◆ **WHAT THE EXERCISE ASKS**:
Using the entries below, write out the line with "text \<open>Centralizing subgroup", the line with "does not depend", and every line in between, exactly as each is written.

◆ **EXERCISE MATERIAL**:
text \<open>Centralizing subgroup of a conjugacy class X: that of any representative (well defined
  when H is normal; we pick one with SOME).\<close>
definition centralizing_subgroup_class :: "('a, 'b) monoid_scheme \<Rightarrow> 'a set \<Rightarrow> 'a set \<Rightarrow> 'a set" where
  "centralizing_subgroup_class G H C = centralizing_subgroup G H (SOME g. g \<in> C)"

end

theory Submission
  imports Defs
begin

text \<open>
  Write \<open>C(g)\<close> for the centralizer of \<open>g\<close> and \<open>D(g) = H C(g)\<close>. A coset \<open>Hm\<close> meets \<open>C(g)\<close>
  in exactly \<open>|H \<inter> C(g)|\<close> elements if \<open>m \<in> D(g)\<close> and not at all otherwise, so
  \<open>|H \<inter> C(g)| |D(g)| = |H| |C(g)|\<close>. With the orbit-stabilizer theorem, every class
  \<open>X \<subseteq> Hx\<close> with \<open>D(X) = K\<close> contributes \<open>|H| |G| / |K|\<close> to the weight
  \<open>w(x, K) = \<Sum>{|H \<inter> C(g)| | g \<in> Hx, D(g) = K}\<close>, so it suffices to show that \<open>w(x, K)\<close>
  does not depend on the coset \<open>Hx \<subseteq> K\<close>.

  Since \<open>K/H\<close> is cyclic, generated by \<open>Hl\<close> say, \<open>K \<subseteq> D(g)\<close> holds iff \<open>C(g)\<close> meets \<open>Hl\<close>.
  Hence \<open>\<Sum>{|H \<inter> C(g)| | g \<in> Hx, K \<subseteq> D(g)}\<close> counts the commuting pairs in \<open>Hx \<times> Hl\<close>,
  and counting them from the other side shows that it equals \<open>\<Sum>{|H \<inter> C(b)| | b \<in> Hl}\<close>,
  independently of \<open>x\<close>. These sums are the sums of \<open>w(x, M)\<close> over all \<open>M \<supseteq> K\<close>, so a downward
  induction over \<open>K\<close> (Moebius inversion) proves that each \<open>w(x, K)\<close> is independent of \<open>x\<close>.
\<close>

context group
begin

* * *

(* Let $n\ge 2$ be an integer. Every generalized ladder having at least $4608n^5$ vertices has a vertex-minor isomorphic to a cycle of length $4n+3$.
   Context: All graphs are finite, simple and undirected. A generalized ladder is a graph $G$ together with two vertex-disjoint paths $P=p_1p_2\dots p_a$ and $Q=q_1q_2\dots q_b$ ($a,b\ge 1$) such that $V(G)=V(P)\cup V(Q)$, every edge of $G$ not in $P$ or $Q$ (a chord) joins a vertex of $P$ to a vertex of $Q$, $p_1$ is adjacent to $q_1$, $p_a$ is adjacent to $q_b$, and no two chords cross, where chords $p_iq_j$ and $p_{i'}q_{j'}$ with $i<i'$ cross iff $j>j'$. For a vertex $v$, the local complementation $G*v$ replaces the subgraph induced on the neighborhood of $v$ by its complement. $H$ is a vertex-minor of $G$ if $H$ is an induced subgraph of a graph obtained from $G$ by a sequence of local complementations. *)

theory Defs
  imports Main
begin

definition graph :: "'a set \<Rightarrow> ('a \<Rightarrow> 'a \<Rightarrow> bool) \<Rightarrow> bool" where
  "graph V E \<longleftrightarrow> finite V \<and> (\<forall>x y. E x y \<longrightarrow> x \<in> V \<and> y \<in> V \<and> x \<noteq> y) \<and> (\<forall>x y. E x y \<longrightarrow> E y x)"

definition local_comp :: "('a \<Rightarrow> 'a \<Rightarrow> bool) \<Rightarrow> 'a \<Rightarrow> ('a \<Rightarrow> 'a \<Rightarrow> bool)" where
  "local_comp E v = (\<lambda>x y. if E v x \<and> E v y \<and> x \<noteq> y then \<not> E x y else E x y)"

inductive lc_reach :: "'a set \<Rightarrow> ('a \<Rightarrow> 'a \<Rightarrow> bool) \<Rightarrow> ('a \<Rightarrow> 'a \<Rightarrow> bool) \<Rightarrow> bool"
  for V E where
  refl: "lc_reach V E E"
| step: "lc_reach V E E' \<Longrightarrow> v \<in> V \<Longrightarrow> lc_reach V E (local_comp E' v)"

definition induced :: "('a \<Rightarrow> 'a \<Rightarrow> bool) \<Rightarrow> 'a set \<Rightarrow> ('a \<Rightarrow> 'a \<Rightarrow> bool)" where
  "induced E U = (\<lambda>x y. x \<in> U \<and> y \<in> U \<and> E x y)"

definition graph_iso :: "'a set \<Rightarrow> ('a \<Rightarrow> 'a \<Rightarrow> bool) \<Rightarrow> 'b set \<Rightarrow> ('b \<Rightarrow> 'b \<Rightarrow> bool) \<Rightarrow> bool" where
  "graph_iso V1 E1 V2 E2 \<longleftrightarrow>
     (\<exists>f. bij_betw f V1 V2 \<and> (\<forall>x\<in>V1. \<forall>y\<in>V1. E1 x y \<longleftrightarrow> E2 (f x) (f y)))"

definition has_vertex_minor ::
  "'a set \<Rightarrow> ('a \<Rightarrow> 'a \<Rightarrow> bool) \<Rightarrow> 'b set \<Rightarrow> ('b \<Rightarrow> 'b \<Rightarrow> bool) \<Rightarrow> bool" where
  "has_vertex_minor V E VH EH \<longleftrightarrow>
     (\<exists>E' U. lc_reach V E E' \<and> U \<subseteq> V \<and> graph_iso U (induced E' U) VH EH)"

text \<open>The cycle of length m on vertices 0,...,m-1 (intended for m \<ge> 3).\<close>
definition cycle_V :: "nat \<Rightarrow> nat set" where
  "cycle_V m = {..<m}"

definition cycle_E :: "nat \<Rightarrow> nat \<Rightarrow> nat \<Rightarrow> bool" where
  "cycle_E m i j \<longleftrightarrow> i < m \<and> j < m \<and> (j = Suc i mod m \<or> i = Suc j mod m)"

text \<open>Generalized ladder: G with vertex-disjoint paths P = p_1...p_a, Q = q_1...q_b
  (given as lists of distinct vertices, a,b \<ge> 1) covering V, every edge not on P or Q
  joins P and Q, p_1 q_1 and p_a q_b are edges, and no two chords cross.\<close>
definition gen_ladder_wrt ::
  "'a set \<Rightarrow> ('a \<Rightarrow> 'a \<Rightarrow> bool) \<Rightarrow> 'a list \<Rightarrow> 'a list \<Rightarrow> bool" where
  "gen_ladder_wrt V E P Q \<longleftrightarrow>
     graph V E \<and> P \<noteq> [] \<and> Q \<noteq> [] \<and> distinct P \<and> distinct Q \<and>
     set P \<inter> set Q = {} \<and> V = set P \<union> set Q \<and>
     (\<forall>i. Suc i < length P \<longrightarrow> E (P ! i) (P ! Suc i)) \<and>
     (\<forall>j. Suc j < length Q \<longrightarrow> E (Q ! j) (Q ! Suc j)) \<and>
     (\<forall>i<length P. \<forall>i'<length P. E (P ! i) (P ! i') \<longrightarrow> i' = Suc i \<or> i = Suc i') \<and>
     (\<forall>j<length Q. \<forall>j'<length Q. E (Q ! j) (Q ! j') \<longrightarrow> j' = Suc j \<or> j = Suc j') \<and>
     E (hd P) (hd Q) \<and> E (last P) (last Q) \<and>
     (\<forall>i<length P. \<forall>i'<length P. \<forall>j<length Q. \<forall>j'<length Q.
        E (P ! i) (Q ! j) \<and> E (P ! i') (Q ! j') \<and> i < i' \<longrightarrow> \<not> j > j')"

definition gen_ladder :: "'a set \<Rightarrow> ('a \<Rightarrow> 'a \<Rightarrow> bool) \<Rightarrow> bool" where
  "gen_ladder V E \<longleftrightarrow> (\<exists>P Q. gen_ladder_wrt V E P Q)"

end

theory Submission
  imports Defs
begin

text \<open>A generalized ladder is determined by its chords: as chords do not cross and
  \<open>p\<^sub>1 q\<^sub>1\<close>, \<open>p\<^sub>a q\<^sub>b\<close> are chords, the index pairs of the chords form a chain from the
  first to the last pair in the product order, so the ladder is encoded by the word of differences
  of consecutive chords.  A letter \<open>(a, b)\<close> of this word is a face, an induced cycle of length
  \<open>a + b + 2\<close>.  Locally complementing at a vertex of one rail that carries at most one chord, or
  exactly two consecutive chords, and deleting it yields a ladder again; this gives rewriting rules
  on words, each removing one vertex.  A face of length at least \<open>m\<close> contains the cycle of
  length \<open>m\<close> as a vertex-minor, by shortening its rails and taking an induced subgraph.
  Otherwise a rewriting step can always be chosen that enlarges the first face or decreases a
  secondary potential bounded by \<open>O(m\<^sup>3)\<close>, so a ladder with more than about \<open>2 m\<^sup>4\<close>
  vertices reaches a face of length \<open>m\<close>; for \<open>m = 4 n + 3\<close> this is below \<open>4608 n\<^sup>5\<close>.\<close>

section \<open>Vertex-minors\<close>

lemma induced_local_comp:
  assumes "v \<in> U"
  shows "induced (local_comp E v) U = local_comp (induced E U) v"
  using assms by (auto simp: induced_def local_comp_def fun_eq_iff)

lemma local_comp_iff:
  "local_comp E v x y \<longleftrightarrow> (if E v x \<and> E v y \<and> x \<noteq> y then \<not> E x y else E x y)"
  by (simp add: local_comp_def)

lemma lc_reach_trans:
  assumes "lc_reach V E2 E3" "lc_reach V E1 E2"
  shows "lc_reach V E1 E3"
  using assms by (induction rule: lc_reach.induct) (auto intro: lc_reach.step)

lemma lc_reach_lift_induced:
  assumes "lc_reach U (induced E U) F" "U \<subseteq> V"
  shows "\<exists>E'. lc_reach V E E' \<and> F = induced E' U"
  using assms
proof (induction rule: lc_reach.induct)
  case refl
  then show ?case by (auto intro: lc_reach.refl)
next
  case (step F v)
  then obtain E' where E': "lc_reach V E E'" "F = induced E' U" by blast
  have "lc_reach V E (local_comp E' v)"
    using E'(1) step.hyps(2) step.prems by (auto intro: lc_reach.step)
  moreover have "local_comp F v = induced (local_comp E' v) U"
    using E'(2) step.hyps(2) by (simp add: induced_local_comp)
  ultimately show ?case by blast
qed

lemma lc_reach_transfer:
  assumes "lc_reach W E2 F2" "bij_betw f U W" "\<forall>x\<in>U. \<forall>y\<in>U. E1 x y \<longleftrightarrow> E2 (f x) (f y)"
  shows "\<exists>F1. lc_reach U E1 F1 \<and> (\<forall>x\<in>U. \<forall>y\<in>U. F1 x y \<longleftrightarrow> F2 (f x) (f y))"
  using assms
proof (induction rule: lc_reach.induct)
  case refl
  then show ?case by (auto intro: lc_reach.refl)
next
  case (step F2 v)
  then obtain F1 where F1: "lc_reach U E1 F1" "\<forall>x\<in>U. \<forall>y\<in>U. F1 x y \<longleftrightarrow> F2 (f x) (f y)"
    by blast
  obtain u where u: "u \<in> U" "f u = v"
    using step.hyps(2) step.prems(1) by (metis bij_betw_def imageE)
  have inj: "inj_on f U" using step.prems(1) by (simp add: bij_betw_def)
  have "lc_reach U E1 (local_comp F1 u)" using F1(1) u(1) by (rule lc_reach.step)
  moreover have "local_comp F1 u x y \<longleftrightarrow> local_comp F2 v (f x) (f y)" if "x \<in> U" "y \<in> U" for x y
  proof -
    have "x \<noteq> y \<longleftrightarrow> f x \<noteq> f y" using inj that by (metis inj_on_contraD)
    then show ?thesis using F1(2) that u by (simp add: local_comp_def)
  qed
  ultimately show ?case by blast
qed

◆ **EXERCISE OUTPUT**:
text \<open>Centralizing subgroup of a conjugacy class X: that of any representative (well defined
  when H is normal; we pick one with SOME).\<close>
definition centralizing_subgroup_class :: "('a, 'b) monoid_scheme \<Rightarrow> 'a set \<Rightarrow> 'a set \<Rightarrow> 'a set" where
  "centralizing_subgroup_class G H C = centralizing_subgroup G H (SOME g. g \<in> C)"

end

theory Submission
  imports Defs
begin

text \<open>
  Write \<open>C(g)\<close> for the centralizer of \<open>g\<close> and \<open>D(g) = H C(g)\<close>. A coset \<open>Hm\<close> meets \<open>C(g)\<close>
  in exactly \<open>|H \<inter> C(g)|\<close> elements if \<open>m \<in> D(g)\<close> and not at all otherwise, so
  \<open>|H \<inter> C(g)| |D(g)| = |H| |C(g)|\<close>. With the orbit-stabilizer theorem, every class
  \<open>X \<subseteq> Hx\<close> with \<open>D(X) = K\<close> contributes \<open>|H| |G| / |K|\<close> to the weight
  \<open>w(x, K) = \<Sum>{|H \<inter> C(g)| | g \<in> Hx, D(g) = K}\<close>, so it suffices to show that \<open>w(x, K)\<close>
  does not depend on the coset \<open>Hx \<subseteq> K\<close>.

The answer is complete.